I recently went to a hobby store that sold plastic models, train sets, and fantasy game stuff. The guy who worked there was a model-building guru, and damned if we didn't buy all the stuff he recommended. Sure, he wasn't rich, but I bet he got more enjoyment out of life than a lot of people who are!
 
I used to work at an electronics retailer. They were more customer service oriented than others so I was never pressured to lie (not that it didn't happen in the store, but it was never important in my department because in camera sales the target demographic is women and they said high pressure sales tactics with women make them never come back). I went for the job to force myself to get better at dealing with people and I figured a job talking to strangers all day would do the trick. It turned out to be a wonderful experience for me. I sold cameras and it quickly became a special Interest of mine. So for 4 years I got paid to talk to people about one of my special interests all day. I also have some obsessive compulsive tendencies about cleanliness and order so I was constantly cleaning and organizing the department. So I quickly became the store example of product knowledge and departmental maintenance so management loved me.
 
I was very good at sales, on average about three times higher sales than the target. BUT I struggled badly with my conscience because I knew that the people didnt really want what I was selling, they just didnt say no, so I had them signed up and ready to go before they could vito. Didnt last long in that job.
 
In the book Asperger's on the Job, the author mentions Temple Grandin talking about selling copies of one of her books to people in a store and arguing that aspies can actually make good salespeople in certain situations (I don't have the book handy right now).
 
Depends on what is actually mean by "sales". Manipulating people into buying something they may not want or need, no that's not something I'm good at. However give me a product that I have such faith in that I believe it can sell itself, sure.
 
Depends on what is actually mean by "sales". Manipulating people into buying something they may not want or need, no that's not something I'm good at. However give me a product that I have such faith in that I believe it can sell itself, sure.
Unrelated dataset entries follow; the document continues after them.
lemma alt_sign_hyper_second_neg:
  assumes A: "alt_sign_hyper n A" and n: "2 \<le> n" and i: "i \<in> {1..n}" and p: "p \<in> {1..n}"
    and first: "\<forall>k\<in>{1..n}. A i 1 k = of_bool (k = p)" and L: "Lmat n A i 2 = int p"
  shows "A i 2 p = -1"
proof (cases "\<exists>k\<in>{1..n}. A i 2 k = -1")
  case True
  then obtain k where k: "k \<in> {1..n}" "A i 2 k = -1" by blast
  then have "A i 1 k = 1"
    using alt_sign_seq_second_neg[OF alt_sign_hyper_lines(2)[OF A i i k(1)] n] by simp
  then have "k = p" using first k(1) by auto
  with k show ?thesis by simp
next
  case False
  have two: "2 \<in> {1..n}" using n by simp
  obtain a where a: "a \<in> {1..n}" "\<forall>k\<in>{1..n}. A i 2 k = of_bool (k = a)"
    using alt_sign_seq_nonneg_unit[OF alt_sign_hyper_lines(3)[OF A i two two]] False by blast
  have "a = p" using weighted_sum_unit[OF a] L unfolding Lmat_def by simp
  then have "A i 1 p = 1" "A i 2 p = 1" using first a p by simp_all
  then obtain l :: nat where "1 < l" "l < 2"
    using alt_sign_seq_neg_between[OF alt_sign_hyper_lines(2)[OF A i i p], of 1 2] n by auto
  then show ?thesis by simp
qed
Exactly my issue with "selling" something. I worked for a callcenter where I had to phone people and try to sell them "green" energy. If the entire deal was true I wouldn't mind selling (or at least trying to sell) people a more environment friendly alternative to their electricity.

The truth however was; it was not green, it was the same energy as anywhere else, just "sold" as green, since media reports were overflowing with reports acquisition of all kind of sites for coal power by said company. I even had to lie about the location I was calling from. Not to mention that I had to do a background check to see what their average power consumption was (based on a 2 adults, 2 children household). So I couldn't justify all the lies I was telling them at all.

Perhaps the added fact that I'm not good at telling a lie didn't help me either.

And of course, I would really need to support a product am I willing to sell it. But it's probably so far that I'd only be willing to sell something my own company would produce. Supporting something that's not mine... I just can't get behind that for the full 100%
 
(Poses in front of camera)

If I find a product I love, I would go all the way to make sure the product I want to sell is a success.
 
I really sucked at sales. Much of it was done face to face and involved showing a customer special treatment or a good time. Hell I didnt even know how to entertain myself, let alone anyone else. So much eye and body contact and personal conversation. It was all before, I knew about my Aspergers. So only recently understood why I was so bad at it. When sales come down to how much a customer likes u, well do I need to explain further
 
Interesting. I have worked in sales, in music which is an obsession of mine. I was honest, and hated selling stuff that wasn't the right thing but was more expensive etc. Only happened once actually, when my boss told me to sell something I normally wouldn't have (as it wasn't as good and more expensive!). I didn't like doing that at all, and never did it again.